# How to price a tank



## alym (Apr 21, 2010)

Hiya everyone

It's been a while! As I mentioned a while back, I need to sell my aquariums as a result of my recent flood - the issue is that I'm not sure how much to sell it for, given that I built the stand myself.

Rather than to try and pm each person that has seen it, I thought I would quickly post on here to ask how people establish a price for a tank.

The tank is a Munster tank, the stand is hand built, out of 3/4 inch plywood, sanded, and stained in an ebony finish, finally varnished in a semi-gloss. Probably cost me over $250 just in materials to build the stand (it's seriously overbuilt).

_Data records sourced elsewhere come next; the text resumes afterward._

section \<open>Lower bounds: adversaries that reject every prediction\<close>

fun rejecting_run :: "(history \<Rightarrow> inst) \<Rightarrow> learner \<Rightarrow> history \<Rightarrow> nat \<Rightarrow> history" where
  "rejecting_run X L h 0 = []"
| "rejecting_run X L h (Suc t) =
     (X h, L h (X h), False) # rejecting_run X L (h @ [(X h, L h (X h), False)]) t"

lemma length_rejecting_run [simp]: "length (rejecting_run X L h t) = t"
  by (induction t arbitrary: h) simp_all

lemma rejecting_run_instance: "(x, p, b) \<in> set (rejecting_run X L h t) \<Longrightarrow> x \<in> range X"
  by (induction t arbitrary: h) auto

definition agreements :: "nat \<Rightarrow> history \<Rightarrow> nat" where
  "agreements i h = length (filter (\<lambda>(x, p, b). x ! i = p) h)"

lemma agreements_Nil [simp]: "agreements i [] = 0"
  by (simp add: agreements_def)

lemma agreements_Cons [simp]:
  "agreements i ((x, p, b) # h) = (if x ! i = p then 1 else 0) + agreements i h"
  by (simp add: agreements_def)

lemma agreements_append [simp]: "agreements i (h @ h') = agreements i h + agreements i h'"
  by (simp add: agreements_def)

definition adversary_label :: "nat \<Rightarrow> inst \<Rightarrow> nat \<Rightarrow> nat" where
  "adversary_label i x p = (if x ! i \<noteq> p then x ! i else if p = 1 then 2 else 1)"

definition adversary_examples :: "nat \<Rightarrow> history \<Rightarrow> example list" where
  "adversary_examples i ts = map (\<lambda>(x, p, b). (x, adversary_label i x p)) ts"

lemma adversary_label_neq: "adversary_label i x p \<noteq> p"
  by (simp add: adversary_label_def)

lemma bandit_mistakes_adversary_examples:
  "bandit_mistakes L h (adversary_examples i (rejecting_run X L h t)) = t"
  by (induction t arbitrary: h) (simp_all add: adversary_examples_def adversary_label_neq [symmetric])

lemma adversary_label_wrong_iff: "x ! i \<noteq> adversary_label i x p \<longleftrightarrow> x ! i = p"
  by (simp add: adversary_label_def)

lemma expert_errors_adversary_examples: "expert_errors i (adversary_examples i ts) = agreements i ts"
  by (induction ts) (auto simp: adversary_examples_def adversary_label_wrong_iff)

lemma rejecting_run_forces_mistakes:
  assumes valid: "\<And>h. valid_instance n k (X h)" and "2 \<le> k" "i < n"
    and "agreements i (rejecting_run X L [] T) \<le> r"
  shows "\<exists>S\<in>P_seqs n k r. bandit_mistakes L [] S = T"
proof
  let ?ts = "rejecting_run X L [] T"
  show "bandit_mistakes L [] (adversary_examples i ?ts) = T"
    by (rule bandit_mistakes_adversary_examples)
  have "valid_example n k (x, adversary_label i x p)" if "(x, p, b) \<in> set ?ts" for x p b
  proof -
    have "valid_instance n k x"
      using rejecting_run_instance[OF that] valid by auto
    then show ?thesis
      using valid_instance_nth[of n k x i] \<open>2 \<le> k\<close> \<open>i < n\<close>
      by (auto simp: valid_example_iff adversary_label_def)
  qed
  then have "\<forall>e\<in>set (adversary_examples i ?ts). valid_example n k e"
    by (auto simp: adversary_examples_def)
  then show "adversary_examples i ?ts \<in> P_seqs n k r"
    using assms(3,4) by (auto simp: P_seqs_def expert_errors_adversary_examples)
qed

lemma sum_agreements_le_length:
  assumes "finite J" and "\<And>x p b. (x, p, b) \<in> set ts \<Longrightarrow> inj_on ((!) x) J"
  shows "(\<Sum>j\<in>J. agreements j ts) \<le> length ts"
  using assms(2)
proof (induction ts)
  case (Cons e ts)
  obtain x p b where e: "e = (x, p, b)"
    by (cases e)
  have "inj_on ((!) x) J"
    using Cons.prems by (auto simp: e)
  then have "card {j\<in>J. x ! j = p} \<le> 1"
    using assms(1) by (auto simp: card_le_Suc0_iff_eq dest: inj_onD)
  moreover have "(\<Sum>j\<in>J. agreements j (e # ts)) = card {j\<in>J. x ! j = p} + (\<Sum>j\<in>J. agreements j ts)"
    using assms(1) by (simp add: e sum.distrib sum.If_cases Int_def)
  moreover have "(\<Sum>j\<in>J. agreements j ts) \<le> length ts"
    by (rule Cons.IH) (auto intro: Cons.prems)
  ultimately show ?case
    by simp
qed simp

definition staircase :: "nat \<Rightarrow> nat \<Rightarrow> inst" where
  "staircase n k = map (\<lambda>j. min (Suc j) k) [0..<n]"

lemma valid_staircase: "1 \<le> k \<Longrightarrow> valid_instance n k (staircase n k)"
  by (auto simp: valid_instance_def staircase_def)

lemma inj_on_staircase: "k \<le> n \<Longrightarrow> inj_on ((!) (staircase n k)) {..<k}"
  by (auto simp: inj_on_def staircase_def)

lemma lower_bound_by_rounds:
  assumes "2 \<le> k" "k \<le> n"
  shows "\<exists>S\<in>P_seqs n k r. bandit_mistakes L [] S = k * (r + 1) - 1"
proof -
  let ?T = "k * (r + 1) - 1"
  let ?ts = "rejecting_run (\<lambda>_. staircase n k) L [] ?T"
  have "(\<Sum>j<k. agreements j ?ts) \<le> length ?ts"
    using inj_on_staircase[OF assms(2)]
    by (intro sum_agreements_le_length) (auto dest: rejecting_run_instance)
  then have sum_le: "(\<Sum>j<k. agreements j ?ts) \<le> ?T"
    by simp
  have "\<exists>j<k. agreements j ?ts \<le> r"
  proof (rule ccontr)
    assume "\<not> (\<exists>j<k. agreements j ?ts \<le> r)"
    then have "(\<Sum>j<k. r + 1) \<le> (\<Sum>j<k. agreements j ?ts)"
      by (intro sum_mono) (simp add: not_le Suc_le_eq)
    with sum_le assms(1) show False
      by simp
  qed
  then obtain j where "j < k" "agreements j ?ts \<le> r"
    by blast
  then show ?thesis
    using assms valid_staircase by (intro rejecting_run_forces_mistakes[of n k]) auto
qed

definition survivors :: "nat \<Rightarrow> history \<Rightarrow> nat set" where
  "survivors n h = {i. i < n \<and> agreements i h = 0}"

definition rank :: "nat set \<Rightarrow> nat \<Rightarrow> nat" where
  "rank A i = card {j\<in>A. j < i}"

text \<open>The survivors are dealt out to the \<open>k\<close> labels in turn, so whatever the learner predicts,
  at most \<open>\<lceil>s/k\<rceil>\<close> of the \<open>s\<close> survivors agree with it.\<close>
definition round_robin :: "nat \<Rightarrow> nat \<Rightarrow> history \<Rightarrow> inst" where
  "round_robin n k h =
     map (\<lambda>i. if i \<in> survivors n h then rank (survivors n h) i mod k + 1 else 1) [0..<n]"

lemma valid_round_robin: "1 \<le> k \<Longrightarrow> valid_instance n k (round_robin n k h)"
  by (auto simp: valid_instance_def round_robin_def Suc_le_eq)

lemma rank_less_card: "finite A \<Longrightarrow> i \<in> A \<Longrightarrow> rank A i < card A"
  unfolding rank_def by (rule psubset_card_mono) auto

lemma strict_mono_on_rank: "finite A \<Longrightarrow> strict_mono_on A (rank A)"
  unfolding rank_def by (intro strict_mono_onI psubset_card_mono) auto

lemma card_residue_class_le:
  assumes "0 < k"
  shows "k * card {m. m < s \<and> m mod k = c} \<le> s + k - 1"
proof -
  let ?C = "{m. m < s \<and> m mod k = c}"
  have inj: "inj_on (\<lambda>m. m div k) ?C"
    by (rule inj_onI) (metis (mono_tags, lifting) div_mult_mod_eq mem_Collect_eq)
  have image: "(\<lambda>m. m div k) ` ?C \<subseteq> {..<(s + k - 1) div k}"
  proof clarify
    fix m
    assume "m < s"
    moreover have "m div k * k \<le> m"
      by (rule div_times_less_eq_dividend)
    ultimately have "Suc (m div k) * k \<le> s + k - 1"
      unfolding mult_Suc by linarith
    then show "m div k < (s + k - 1) div k"
      using assms by (simp add: less_eq_div_iff_mult_less_eq flip: Suc_le_eq)
  qed
  have "card ?C \<le> (s + k - 1) div k"
    using card_inj_on_le[OF inj image] by simp
  then show ?thesis
    using times_div_less_eq_dividend[of k "s + k - 1"] by (meson le_trans mult_le_mono2)
qed

lemma card_rank_class_le:
  assumes "finite A" "0 < k"
  shows "k * card {i\<in>A. rank A i mod k = c} \<le> card A + k - 1"
proof -
  have "card {i\<in>A. rank A i mod k = c} = card (rank A ` {i\<in>A. rank A i mod k = c})"
    using strict_mono_on_imp_inj_on[OF strict_mono_on_rank[OF assms(1)]]
    by (intro card_image[symmetric]) (auto intro: inj_on_subset)
  also have "\<dots> \<le> card {m. m < card A \<and> m mod k = c}"
    using rank_less_card[OF assms(1)] by (intro card_mono) auto
  finally show ?thesis
    using card_residue_class_le[OF assms(2), of "card A" c] by (meson le_trans mult_le_mono2)
qed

How much do you guys think the stand plus a 90 gallon tank would sell for?


----------



## oakley1984 (Oct 10, 2010)

400 if everythings in Top shape, tank has virtually no scratches etc


----------



## tony1928 (Apr 22, 2010)

I think a 90 gallon is going for about 250-270 at King Ed's last week. If anything the stand would be worth more to me than the glass. A used 90 probably wouldn't be able to sell for more than 125 to 150 max if mint. So yeah, depending on how cool the stand is, $400 per Oakley probably isn't a bad estimate.


----------



## Momobobo (Sep 28, 2010)

If everything is like new or in good condition 300-400 would be a very reasonable price...


----------



## 2wheelsx2 (Apr 21, 2010)

You cannot compare a well made custom stand to a store bought one. Having said that though, the custom stand has to be exactly what the new owner wants for it to be custom for that person.

If it were I, I'd pay $400+ for a stand I wanted, because of the labour involved and the stand would just be a bonus. Recessed hardware, proper joints, smooth operating doors with anti-slam hardware etc. Those would all be worth extra money to me.

Realistically, personally, I wouldn't pay more than $100 for a standard used 90 gallon no matter what condition it's in. So the price in question is the stand, and I recall seeing your stand and it's quite nice.


----------



## tony1928 (Apr 22, 2010)

Yeah I agree, the stand is the key to the price. A nice stand is hard to find. A few pics would help.


----------



## pistolpete (May 2, 2010)

You can charge whatever someone is willing to pay  A good guideline is to add up whatever it would all cost new and then ask for half.


----------



## firsttenor (Jul 7, 2010)

I posted an lf thread on here and a guy tried to sell me a used 100 g tank w stand with for 1200 dollars lol. He wanted 400 dollars for a used fx5 as well. (can buy a new one for less than that) Talk about taking advantage of a nooby. Luckily I looked around and canadain aqautics offerd the same tank for 400 dollars. (ended up buying a 120g tank with metal hal lights and store bought stand for 600 - crazy deal - thanks farmerbill!)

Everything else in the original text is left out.